• [Your instructions]:
Where in the records does the word "forall" occur? Copy each line in which it does.
═════ Provided records
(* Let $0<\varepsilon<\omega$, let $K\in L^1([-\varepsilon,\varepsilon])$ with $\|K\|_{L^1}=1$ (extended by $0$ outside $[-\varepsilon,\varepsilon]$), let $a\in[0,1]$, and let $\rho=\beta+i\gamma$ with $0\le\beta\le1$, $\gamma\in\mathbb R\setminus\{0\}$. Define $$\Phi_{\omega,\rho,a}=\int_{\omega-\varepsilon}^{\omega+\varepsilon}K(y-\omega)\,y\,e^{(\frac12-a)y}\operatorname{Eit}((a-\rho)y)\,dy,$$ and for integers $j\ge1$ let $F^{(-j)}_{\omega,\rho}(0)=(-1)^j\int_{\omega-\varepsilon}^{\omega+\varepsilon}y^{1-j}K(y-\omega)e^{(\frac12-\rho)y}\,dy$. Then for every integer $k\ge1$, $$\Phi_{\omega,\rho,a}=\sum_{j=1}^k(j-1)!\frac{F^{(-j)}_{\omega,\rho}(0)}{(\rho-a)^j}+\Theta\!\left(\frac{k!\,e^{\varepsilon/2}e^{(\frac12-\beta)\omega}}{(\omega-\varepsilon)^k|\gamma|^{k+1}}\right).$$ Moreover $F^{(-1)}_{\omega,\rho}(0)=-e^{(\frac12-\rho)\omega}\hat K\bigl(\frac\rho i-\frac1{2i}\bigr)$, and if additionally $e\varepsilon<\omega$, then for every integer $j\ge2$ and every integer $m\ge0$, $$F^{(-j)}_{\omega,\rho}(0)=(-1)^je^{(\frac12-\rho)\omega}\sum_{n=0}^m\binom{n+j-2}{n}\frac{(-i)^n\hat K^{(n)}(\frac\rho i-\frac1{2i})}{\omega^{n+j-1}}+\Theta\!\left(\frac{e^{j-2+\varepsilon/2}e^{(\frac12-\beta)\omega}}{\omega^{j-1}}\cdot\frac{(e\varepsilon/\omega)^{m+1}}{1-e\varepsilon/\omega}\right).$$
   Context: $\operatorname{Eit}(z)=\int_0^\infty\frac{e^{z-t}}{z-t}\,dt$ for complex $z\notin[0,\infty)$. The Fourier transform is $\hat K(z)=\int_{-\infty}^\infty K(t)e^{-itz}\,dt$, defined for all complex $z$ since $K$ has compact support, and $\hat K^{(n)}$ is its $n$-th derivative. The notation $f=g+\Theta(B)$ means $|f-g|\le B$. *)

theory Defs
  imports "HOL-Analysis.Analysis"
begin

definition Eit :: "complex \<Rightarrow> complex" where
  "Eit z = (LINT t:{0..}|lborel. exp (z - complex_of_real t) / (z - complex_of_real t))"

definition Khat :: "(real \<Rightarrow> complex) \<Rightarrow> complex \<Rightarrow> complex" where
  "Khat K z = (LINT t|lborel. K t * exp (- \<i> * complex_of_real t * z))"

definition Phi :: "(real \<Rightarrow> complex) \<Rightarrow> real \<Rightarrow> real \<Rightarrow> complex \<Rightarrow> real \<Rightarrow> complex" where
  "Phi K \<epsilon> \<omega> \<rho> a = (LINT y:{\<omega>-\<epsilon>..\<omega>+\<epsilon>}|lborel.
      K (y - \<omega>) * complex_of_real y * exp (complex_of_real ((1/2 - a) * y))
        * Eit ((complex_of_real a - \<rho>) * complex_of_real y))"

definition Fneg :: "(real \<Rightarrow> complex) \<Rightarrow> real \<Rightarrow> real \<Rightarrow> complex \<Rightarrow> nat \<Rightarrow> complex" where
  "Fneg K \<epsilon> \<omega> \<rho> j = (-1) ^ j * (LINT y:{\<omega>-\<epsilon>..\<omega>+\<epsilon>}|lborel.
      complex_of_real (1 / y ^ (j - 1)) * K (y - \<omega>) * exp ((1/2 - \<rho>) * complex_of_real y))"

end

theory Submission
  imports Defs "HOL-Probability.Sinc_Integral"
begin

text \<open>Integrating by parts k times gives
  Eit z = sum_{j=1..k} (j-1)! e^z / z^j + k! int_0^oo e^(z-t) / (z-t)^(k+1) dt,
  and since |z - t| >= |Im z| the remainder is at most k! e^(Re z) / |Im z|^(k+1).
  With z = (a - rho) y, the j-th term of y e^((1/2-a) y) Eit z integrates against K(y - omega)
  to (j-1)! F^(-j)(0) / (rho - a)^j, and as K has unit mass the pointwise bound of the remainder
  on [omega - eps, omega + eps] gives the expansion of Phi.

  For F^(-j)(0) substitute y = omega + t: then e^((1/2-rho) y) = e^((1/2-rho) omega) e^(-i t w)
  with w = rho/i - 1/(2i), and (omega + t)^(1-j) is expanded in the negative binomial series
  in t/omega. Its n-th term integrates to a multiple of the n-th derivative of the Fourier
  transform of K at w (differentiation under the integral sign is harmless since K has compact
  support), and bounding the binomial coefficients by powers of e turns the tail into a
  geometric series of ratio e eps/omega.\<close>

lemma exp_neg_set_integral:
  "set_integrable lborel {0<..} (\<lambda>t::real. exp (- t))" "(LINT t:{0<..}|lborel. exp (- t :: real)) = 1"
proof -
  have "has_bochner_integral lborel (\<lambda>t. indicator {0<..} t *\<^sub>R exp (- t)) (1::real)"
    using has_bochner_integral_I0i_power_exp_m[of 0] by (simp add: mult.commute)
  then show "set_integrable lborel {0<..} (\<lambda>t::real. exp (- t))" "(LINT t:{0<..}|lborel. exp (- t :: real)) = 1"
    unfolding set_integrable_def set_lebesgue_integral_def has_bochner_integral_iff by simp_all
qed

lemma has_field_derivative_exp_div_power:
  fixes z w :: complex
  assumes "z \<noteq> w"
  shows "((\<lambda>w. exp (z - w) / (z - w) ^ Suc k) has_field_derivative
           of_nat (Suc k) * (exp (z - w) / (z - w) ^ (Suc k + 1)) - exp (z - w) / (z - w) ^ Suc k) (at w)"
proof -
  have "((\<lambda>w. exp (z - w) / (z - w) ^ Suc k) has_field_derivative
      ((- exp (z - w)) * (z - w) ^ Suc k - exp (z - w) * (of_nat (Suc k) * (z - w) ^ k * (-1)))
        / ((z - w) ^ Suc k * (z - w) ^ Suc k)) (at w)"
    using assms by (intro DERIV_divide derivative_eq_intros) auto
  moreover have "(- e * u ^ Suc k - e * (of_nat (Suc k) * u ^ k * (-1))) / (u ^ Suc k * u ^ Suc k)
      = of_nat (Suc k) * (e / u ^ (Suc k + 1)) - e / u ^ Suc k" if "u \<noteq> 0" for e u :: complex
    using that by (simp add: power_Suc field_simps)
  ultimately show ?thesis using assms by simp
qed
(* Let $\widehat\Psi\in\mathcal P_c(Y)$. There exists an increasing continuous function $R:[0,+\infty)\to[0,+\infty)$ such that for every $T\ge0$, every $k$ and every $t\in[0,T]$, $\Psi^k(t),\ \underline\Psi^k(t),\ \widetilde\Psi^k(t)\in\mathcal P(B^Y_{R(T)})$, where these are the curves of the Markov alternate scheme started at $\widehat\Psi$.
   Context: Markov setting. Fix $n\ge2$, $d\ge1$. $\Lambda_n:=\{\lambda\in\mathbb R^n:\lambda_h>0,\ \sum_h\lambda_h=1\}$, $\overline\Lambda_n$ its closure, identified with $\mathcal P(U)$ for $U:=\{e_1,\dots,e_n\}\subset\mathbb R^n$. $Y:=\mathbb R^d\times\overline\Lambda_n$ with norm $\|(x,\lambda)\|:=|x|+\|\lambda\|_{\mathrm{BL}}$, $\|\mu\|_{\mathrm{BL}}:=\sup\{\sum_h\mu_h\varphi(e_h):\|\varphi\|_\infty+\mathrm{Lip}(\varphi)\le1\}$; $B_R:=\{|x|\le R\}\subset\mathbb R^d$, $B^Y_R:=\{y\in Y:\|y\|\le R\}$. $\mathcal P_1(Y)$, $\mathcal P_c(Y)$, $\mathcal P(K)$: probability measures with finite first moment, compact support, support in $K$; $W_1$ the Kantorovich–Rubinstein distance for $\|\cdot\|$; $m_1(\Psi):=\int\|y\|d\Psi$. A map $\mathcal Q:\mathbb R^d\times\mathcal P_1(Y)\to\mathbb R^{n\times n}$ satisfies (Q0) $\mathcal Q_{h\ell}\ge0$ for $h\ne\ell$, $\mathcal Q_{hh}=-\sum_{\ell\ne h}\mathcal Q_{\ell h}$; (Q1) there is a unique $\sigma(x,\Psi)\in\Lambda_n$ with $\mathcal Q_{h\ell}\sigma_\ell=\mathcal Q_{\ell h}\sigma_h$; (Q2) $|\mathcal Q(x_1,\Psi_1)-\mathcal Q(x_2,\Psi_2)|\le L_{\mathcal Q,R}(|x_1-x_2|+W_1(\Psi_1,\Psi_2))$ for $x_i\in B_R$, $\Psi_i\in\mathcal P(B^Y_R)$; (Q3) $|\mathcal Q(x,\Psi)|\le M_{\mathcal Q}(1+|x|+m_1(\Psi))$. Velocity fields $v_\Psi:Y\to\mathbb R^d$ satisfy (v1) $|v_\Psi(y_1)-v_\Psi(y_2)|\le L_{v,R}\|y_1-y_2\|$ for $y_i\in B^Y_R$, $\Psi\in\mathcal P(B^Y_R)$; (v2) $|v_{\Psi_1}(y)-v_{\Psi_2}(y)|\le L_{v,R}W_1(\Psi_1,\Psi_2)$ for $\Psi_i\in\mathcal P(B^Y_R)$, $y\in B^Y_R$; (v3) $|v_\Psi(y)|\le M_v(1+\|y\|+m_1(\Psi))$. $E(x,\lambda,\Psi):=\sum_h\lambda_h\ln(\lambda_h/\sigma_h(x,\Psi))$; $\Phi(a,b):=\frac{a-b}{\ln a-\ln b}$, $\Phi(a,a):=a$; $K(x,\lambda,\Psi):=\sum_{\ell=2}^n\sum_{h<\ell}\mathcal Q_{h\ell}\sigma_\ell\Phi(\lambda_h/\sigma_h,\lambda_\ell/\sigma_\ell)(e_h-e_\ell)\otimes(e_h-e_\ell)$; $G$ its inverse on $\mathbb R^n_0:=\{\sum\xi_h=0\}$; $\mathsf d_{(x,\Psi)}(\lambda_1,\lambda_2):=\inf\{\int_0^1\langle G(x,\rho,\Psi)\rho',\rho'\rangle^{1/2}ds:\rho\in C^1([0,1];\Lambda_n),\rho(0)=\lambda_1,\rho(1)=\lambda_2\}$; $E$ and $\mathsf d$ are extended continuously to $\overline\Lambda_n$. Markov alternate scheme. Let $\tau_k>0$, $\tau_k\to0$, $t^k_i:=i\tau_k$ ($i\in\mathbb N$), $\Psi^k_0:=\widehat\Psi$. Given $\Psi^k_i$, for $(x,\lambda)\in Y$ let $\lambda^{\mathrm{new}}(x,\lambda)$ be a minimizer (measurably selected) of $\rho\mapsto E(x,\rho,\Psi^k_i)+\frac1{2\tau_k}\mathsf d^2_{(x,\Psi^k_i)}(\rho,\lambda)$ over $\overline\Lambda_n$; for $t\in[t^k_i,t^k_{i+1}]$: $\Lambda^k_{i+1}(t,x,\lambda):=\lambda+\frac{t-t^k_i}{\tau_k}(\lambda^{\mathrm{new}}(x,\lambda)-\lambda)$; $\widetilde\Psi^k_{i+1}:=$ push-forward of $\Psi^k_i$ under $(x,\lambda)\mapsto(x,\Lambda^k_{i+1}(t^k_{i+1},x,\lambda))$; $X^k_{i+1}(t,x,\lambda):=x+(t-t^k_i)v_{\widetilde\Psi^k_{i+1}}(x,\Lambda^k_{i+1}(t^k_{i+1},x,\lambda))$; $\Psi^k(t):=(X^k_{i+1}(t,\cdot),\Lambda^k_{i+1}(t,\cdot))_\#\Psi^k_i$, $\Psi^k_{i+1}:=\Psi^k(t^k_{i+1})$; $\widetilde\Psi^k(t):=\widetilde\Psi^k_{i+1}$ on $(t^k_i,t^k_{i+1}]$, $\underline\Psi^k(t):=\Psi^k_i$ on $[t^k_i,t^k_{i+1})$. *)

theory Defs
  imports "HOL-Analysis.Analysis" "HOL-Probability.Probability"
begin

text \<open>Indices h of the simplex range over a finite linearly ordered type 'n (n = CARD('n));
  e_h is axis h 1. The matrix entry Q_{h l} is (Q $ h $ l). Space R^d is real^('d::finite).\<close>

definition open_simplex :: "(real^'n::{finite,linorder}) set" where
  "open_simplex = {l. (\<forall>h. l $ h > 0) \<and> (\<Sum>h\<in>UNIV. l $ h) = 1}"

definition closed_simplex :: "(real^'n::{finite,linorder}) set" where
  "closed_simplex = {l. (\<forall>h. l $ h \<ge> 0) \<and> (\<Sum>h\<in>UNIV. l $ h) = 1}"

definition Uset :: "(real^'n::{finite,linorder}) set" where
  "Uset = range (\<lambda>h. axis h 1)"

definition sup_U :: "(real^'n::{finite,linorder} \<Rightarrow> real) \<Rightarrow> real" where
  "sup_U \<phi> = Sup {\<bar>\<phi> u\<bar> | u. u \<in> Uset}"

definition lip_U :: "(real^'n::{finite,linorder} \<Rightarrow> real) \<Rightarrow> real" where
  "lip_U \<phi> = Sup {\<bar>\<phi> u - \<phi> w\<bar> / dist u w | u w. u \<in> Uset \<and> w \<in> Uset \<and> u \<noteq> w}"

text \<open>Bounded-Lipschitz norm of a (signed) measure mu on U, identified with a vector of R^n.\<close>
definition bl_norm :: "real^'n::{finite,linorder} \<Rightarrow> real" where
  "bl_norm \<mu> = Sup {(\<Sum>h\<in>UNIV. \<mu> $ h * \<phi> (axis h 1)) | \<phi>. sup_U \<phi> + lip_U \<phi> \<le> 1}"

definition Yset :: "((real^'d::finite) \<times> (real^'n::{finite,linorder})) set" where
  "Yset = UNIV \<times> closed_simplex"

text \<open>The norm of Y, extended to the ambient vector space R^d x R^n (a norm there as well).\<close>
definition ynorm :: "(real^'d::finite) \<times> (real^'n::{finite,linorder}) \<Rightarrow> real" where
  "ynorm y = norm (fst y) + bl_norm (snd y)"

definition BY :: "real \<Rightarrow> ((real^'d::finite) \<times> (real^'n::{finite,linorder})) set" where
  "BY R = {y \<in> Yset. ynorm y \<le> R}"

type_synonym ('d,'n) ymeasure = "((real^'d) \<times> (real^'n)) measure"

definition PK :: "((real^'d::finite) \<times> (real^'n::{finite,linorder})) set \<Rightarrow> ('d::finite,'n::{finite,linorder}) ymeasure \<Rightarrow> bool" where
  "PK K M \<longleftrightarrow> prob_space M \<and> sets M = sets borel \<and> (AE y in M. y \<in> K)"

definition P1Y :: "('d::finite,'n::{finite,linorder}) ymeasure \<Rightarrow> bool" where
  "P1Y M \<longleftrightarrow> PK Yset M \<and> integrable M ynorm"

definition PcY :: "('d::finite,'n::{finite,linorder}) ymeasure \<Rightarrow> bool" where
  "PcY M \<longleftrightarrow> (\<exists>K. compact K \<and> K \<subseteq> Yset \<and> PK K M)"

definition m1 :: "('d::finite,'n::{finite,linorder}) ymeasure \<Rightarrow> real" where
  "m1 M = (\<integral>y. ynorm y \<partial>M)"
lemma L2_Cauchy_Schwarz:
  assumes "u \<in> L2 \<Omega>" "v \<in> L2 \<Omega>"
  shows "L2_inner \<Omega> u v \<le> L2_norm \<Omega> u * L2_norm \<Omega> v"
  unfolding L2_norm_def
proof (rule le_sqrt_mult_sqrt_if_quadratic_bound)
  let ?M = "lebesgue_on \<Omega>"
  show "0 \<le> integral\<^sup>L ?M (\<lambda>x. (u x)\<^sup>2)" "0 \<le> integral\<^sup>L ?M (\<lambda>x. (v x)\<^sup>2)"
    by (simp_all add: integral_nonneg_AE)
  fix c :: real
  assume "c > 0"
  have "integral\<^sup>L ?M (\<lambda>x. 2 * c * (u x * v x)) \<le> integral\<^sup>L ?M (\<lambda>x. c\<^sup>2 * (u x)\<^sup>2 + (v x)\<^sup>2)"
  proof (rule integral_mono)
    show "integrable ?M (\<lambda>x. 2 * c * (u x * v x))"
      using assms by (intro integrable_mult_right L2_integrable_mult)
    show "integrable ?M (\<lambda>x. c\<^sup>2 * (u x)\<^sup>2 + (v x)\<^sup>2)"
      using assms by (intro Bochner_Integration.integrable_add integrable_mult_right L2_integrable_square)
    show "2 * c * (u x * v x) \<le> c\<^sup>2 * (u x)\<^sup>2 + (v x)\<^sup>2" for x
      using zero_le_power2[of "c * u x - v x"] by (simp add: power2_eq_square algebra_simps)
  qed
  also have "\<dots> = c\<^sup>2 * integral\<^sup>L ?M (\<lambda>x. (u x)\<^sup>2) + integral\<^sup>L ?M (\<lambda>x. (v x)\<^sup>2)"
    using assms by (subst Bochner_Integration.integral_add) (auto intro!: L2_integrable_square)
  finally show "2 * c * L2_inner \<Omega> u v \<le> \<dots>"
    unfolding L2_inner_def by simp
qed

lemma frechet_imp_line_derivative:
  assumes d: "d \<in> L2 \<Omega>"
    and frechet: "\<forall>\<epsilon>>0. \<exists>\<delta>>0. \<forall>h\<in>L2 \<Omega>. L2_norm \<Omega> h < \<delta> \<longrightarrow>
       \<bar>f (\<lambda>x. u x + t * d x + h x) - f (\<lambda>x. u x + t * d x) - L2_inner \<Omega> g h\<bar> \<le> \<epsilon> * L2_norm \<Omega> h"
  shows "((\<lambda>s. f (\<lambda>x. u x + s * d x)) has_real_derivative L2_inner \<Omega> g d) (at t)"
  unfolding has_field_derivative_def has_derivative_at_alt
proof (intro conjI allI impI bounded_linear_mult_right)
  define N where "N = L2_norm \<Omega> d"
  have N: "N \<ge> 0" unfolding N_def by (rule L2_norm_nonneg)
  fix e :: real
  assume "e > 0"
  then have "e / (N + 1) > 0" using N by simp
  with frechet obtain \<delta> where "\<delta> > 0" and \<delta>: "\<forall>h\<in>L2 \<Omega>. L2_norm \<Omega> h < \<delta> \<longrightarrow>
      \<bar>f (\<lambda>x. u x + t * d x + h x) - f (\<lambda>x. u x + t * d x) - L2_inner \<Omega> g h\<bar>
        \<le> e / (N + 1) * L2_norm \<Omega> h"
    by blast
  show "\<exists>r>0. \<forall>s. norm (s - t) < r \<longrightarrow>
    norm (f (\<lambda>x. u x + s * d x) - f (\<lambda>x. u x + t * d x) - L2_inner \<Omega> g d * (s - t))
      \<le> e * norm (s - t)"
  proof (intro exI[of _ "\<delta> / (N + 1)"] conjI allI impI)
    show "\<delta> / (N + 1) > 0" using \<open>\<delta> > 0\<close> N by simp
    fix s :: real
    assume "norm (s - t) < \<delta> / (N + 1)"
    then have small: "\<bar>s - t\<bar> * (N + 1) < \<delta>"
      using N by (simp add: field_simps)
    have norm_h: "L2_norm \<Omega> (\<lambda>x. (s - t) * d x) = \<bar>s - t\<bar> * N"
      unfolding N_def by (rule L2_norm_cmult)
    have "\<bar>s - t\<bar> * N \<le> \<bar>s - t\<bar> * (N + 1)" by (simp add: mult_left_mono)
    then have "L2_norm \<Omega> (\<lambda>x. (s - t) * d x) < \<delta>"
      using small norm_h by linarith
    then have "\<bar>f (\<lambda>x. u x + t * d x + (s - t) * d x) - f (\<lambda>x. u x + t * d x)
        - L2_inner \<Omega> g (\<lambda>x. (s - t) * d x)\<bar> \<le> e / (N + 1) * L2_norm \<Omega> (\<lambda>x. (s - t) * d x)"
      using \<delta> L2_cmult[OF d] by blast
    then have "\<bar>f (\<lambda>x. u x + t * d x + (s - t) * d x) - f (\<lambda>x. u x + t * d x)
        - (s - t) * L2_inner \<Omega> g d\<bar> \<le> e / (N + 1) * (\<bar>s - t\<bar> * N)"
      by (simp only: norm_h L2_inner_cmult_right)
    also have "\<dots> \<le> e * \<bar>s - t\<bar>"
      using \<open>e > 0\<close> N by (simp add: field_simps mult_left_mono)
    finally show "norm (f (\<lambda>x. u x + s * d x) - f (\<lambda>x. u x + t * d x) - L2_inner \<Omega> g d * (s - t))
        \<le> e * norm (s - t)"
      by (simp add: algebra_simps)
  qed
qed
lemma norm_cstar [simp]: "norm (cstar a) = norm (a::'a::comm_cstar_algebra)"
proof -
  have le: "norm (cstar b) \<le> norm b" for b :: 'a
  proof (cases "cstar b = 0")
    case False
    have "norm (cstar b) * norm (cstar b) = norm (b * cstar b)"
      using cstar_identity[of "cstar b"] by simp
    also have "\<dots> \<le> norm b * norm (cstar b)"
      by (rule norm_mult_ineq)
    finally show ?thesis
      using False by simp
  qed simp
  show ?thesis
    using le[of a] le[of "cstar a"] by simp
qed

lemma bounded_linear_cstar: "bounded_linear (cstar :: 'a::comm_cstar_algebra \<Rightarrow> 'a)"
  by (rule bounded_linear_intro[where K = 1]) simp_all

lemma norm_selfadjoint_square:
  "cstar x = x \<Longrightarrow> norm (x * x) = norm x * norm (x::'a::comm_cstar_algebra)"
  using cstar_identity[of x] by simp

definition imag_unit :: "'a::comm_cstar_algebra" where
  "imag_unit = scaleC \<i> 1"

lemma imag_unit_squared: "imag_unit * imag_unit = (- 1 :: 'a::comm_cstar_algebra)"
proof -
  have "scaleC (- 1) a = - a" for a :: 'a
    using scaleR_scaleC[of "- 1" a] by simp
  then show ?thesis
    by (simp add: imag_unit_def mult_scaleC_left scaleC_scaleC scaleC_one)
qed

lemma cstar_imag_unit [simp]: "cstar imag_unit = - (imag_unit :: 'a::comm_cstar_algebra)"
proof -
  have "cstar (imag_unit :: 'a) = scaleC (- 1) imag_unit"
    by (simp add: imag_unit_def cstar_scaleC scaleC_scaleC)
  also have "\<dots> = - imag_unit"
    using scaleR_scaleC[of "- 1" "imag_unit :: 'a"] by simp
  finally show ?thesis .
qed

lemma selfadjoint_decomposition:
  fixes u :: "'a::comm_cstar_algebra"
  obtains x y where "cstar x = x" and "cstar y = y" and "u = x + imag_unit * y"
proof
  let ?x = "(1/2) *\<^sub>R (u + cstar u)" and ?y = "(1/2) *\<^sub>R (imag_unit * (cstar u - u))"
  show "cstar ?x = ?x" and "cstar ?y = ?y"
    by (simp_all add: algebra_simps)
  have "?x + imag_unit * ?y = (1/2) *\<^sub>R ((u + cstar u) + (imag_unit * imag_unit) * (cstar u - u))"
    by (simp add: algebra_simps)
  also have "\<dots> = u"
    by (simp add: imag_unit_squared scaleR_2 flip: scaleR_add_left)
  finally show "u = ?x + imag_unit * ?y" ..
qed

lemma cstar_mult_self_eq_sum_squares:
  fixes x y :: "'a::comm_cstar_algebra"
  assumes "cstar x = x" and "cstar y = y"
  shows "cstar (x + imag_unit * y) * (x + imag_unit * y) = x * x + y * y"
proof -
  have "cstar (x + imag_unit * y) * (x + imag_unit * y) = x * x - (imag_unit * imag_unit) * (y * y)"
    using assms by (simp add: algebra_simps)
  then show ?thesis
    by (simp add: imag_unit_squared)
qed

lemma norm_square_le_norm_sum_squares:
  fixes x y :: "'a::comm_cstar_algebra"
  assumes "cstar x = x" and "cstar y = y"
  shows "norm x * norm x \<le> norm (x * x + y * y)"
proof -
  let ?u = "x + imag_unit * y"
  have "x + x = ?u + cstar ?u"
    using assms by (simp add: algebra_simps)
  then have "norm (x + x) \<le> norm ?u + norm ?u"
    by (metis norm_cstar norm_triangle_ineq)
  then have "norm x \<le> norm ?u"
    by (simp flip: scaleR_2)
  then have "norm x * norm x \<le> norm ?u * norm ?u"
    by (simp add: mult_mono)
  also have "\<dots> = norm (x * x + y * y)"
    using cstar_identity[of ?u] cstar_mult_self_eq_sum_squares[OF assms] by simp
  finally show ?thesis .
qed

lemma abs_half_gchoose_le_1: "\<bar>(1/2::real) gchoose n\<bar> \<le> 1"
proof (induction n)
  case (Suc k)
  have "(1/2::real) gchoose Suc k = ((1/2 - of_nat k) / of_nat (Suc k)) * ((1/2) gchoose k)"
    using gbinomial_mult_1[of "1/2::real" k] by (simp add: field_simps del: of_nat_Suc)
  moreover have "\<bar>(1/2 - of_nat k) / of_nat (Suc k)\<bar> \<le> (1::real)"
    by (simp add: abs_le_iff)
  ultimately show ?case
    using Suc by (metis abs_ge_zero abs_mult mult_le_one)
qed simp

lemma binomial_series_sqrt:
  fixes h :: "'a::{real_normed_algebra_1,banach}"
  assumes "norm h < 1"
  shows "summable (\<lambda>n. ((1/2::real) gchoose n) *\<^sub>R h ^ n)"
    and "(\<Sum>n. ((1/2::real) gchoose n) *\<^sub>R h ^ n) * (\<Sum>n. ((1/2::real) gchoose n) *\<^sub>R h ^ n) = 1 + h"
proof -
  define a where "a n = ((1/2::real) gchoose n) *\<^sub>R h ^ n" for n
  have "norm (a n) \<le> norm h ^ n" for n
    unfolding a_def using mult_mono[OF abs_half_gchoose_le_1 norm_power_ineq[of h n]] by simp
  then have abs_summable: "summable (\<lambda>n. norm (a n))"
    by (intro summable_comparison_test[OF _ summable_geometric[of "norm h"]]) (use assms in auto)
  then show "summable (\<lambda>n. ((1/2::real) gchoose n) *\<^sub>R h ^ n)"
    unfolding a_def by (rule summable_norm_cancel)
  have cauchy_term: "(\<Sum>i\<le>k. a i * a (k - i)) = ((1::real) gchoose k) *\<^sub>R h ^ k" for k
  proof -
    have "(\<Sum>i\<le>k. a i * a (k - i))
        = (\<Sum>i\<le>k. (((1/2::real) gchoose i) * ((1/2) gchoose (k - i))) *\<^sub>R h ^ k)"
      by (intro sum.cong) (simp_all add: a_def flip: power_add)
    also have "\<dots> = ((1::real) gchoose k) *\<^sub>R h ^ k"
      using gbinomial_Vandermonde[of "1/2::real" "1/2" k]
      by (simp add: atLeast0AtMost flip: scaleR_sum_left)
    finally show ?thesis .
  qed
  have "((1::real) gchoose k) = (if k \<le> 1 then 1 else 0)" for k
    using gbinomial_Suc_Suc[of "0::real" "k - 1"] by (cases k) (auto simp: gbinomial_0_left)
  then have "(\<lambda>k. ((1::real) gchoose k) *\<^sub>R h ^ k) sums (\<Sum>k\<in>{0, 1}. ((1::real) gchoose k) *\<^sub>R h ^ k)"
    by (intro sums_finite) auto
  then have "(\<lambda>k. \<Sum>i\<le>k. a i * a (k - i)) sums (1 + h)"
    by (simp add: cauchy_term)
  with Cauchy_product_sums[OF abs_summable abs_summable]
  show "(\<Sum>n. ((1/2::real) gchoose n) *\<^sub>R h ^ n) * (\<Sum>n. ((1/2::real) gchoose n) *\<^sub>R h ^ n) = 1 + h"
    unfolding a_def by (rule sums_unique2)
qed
══════════
• [Completed task]:
  "open_simplex = {l. (\<forall>h. l $ h > 0) \<and> (\<Sum>h\<in>UNIV. l $ h) = 1}"
  "closed_simplex = {l. (\<forall>h. l $ h \<ge> 0) \<and> (\<Sum>h\<in>UNIV. l $ h) = 1}"
    and frechet: "\<forall>\<epsilon>>0. \<exists>\<delta>>0. \<forall>h\<in>L2 \<Omega>. L2_norm \<Omega> h < \<delta> \<longrightarrow>
  with frechet obtain \<delta> where "\<delta> > 0" and \<delta>: "\<forall>h\<in>L2 \<Omega>. L2_norm \<Omega> h < \<delta> \<longrightarrow>
  show "\<exists>r>0. \<forall>s. norm (s - t) < r \<longrightarrow>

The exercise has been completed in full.